(* Let $G$ be a graph and $p$ a pendant vertex of $G$ with $N(p)=\{v\}$. Then: (1) $p$ and $v$ belong to every MDNS of $G$, and there exists an MDNS $S$ of $G$ such that $p$ and $v$ are the last two vertices of $S$; (2) if there exists an MDNS $S'$ of $G-p$ such that $v$ does not belong to $S'$, then $\tilde\gamma_{gr}^{\times 2}(G)=\tilde\gamma_{gr}^{\times 2}(G-p)+2$; otherwise $\tilde\gamma_{gr}^{\times 2}(G)=\tilde\gamma_{gr}^{\times 2}(G-p)+1$.
   Context: Graphs are finite, simple, undirected; $N[v]$ is the closed neighborhood, $N(v)$ the open neighborhood; a pendant vertex has degree 1. A sequence $S=(v_1,\dots,v_k)$ of distinct vertices of $G$ is a double neighborhood sequence (DNS) if for each $i$ some $u\in N[v_i]$ satisfies $|\{j<i: u\in N[v_j]\}|\le 1$. A maximum double neighborhood sequence (MDNS) of $G$ is a DNS of maximum length, and $\tilde\gamma_{gr}^{\times 2}(G)$ denotes this maximum length. *)

theory Defs
  imports Main
begin

definition simple_graph :: "'a set \<Rightarrow> ('a \<Rightarrow> 'a \<Rightarrow> bool) \<Rightarrow> bool" where
  "simple_graph V E \<longleftrightarrow> finite V \<and> (\<forall>u w. E u w \<longrightarrow> u \<in> V \<and> w \<in> V)
     \<and> (\<forall>u w. E u w \<longrightarrow> E w u) \<and> (\<forall>u. \<not> E u u)"

definition open_nbhd :: "'a set \<Rightarrow> ('a \<Rightarrow> 'a \<Rightarrow> bool) \<Rightarrow> 'a \<Rightarrow> 'a set" where
  "open_nbhd V E v = {u \<in> V. E v u}"

definition closed_nbhd :: "'a set \<Rightarrow> ('a \<Rightarrow> 'a \<Rightarrow> bool) \<Rightarrow> 'a \<Rightarrow> 'a set" where
  "closed_nbhd V E v = insert v (open_nbhd V E v)"

definition pendant :: "'a set \<Rightarrow> ('a \<Rightarrow> 'a \<Rightarrow> bool) \<Rightarrow> 'a \<Rightarrow> bool" where
  "pendant V E p \<longleftrightarrow> p \<in> V \<and> card (open_nbhd V E p) = 1"

definition del_vertex_V :: "'a set \<Rightarrow> 'a \<Rightarrow> 'a set" where
  "del_vertex_V V p = V - {p}"

definition del_vertex_E :: "('a \<Rightarrow> 'a \<Rightarrow> bool) \<Rightarrow> 'a \<Rightarrow> 'a \<Rightarrow> 'a \<Rightarrow> bool" where
  "del_vertex_E E p = (\<lambda>u w. E u w \<and> u \<noteq> p \<and> w \<noteq> p)"

definition is_DNS :: "'a set \<Rightarrow> ('a \<Rightarrow> 'a \<Rightarrow> bool) \<Rightarrow> 'a list \<Rightarrow> bool" where
  "is_DNS V E S \<longleftrightarrow> distinct S \<and> set S \<subseteq> V \<and>
     (\<forall>i < length S. \<exists>u \<in> closed_nbhd V E (S ! i).
        card {j. j < i \<and> u \<in> closed_nbhd V E (S ! j)} \<le> 1)"

definition is_MDNS :: "'a set \<Rightarrow> ('a \<Rightarrow> 'a \<Rightarrow> bool) \<Rightarrow> 'a list \<Rightarrow> bool" where
  "is_MDNS V E S \<longleftrightarrow> is_DNS V E S \<and> (\<forall>T. is_DNS V E T \<longrightarrow> length T \<le> length S)"

definition gamma_gr2 :: "'a set \<Rightarrow> ('a \<Rightarrow> 'a \<Rightarrow> bool) \<Rightarrow> nat" where
  "gamma_gr2 V E = Max {length S | S. is_DNS V E S}"

end

theory Submission
  imports Defs
begin

text \<open>Let \<open>N[p] = {p, v}\<close>. The vertex \<open>p\<close> lies only in \<open>N[p]\<close> and \<open>N[v]\<close>, so whichever of
\<open>p, v\<close> is still missing from a DNS can be appended with witness \<open>u = p\<close>; hence every
MDNS contains both, and moving them to the end keeps the DNS property. Conversely, deleting
\<open>p\<close> and \<open>v\<close> from a DNS of \<open>G\<close> leaves a DNS of \<open>G - p\<close> avoiding \<open>v\<close>, while any DNS of \<open>G - p\<close>
stays a DNS of \<open>G\<close> and can be extended by \<open>p\<close>. This gives
\<open>\<gamma>(G - p) + 1 \<le> \<gamma>(G) \<le> \<gamma>(G - p) + 2\<close>, with equality on the right exactly when some MDNS of
\<open>G - p\<close> avoids \<open>v\<close>.\<close>

definition double_nbhd_seq :: "('a \<Rightarrow> 'a set) \<Rightarrow> 'a set \<Rightarrow> 'a list \<Rightarrow> bool" where
  "double_nbhd_seq N V S \<longleftrightarrow> distinct S \<and> set S \<subseteq> V \<and>
     (\<forall>i < length S. \<exists>u \<in> N (S ! i). card {w \<in> set (take i S). u \<in> N w} \<le> 1)"

lemma card_indices_take_distinct:
  assumes "distinct S" "i \<le> length S"
  shows "card {j. j < i \<and> P (S ! j)} = card {w \<in> set (take i S). P w}"
proof -
  have "{w \<in> set (take i S). P w} = (!) S ` {j. j < i \<and> P (S ! j)}"
    using assms(2) by (force simp: set_conv_nth nth_take)
  moreover have "inj_on ((!) S) {j. j < i \<and> P (S ! j)}"
    by (rule inj_on_nth) (use assms in auto)
  ultimately show ?thesis by (simp add: card_image)
qed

● ● ● ● ●

- TASK GOAL: Your task is to restate, word for word, only those lines above that fall between the line holding "w \<longrightarrow> E" and the line holding "(\<forall>i < length S. \<exists>u \<in> closed_nbhd", inclusive.

- OUTPUT FOR THIS TASK:
     \<and> (\<forall>u w. E u w \<longrightarrow> E w u) \<and> (\<forall>u. \<not> E u u)"

definition open_nbhd :: "'a set \<Rightarrow> ('a \<Rightarrow> 'a \<Rightarrow> bool) \<Rightarrow> 'a \<Rightarrow> 'a set" where
  "open_nbhd V E v = {u \<in> V. E v u}"

definition closed_nbhd :: "'a set \<Rightarrow> ('a \<Rightarrow> 'a \<Rightarrow> bool) \<Rightarrow> 'a \<Rightarrow> 'a set" where
  "closed_nbhd V E v = insert v (open_nbhd V E v)"

definition pendant :: "'a set \<Rightarrow> ('a \<Rightarrow> 'a \<Rightarrow> bool) \<Rightarrow> 'a \<Rightarrow> bool" where
  "pendant V E p \<longleftrightarrow> p \<in> V \<and> card (open_nbhd V E p) = 1"

definition del_vertex_V :: "'a set \<Rightarrow> 'a \<Rightarrow> 'a set" where
  "del_vertex_V V p = V - {p}"

definition del_vertex_E :: "('a \<Rightarrow> 'a \<Rightarrow> bool) \<Rightarrow> 'a \<Rightarrow> 'a \<Rightarrow> 'a \<Rightarrow> bool" where
  "del_vertex_E E p = (\<lambda>u w. E u w \<and> u \<noteq> p \<and> w \<noteq> p)"

definition is_DNS :: "'a set \<Rightarrow> ('a \<Rightarrow> 'a \<Rightarrow> bool) \<Rightarrow> 'a list \<Rightarrow> bool" where
  "is_DNS V E S \<longleftrightarrow> distinct S \<and> set S \<subseteq> V \<and>
     (\<forall>i < length S. \<exists>u \<in> closed_nbhd V E (S ! i).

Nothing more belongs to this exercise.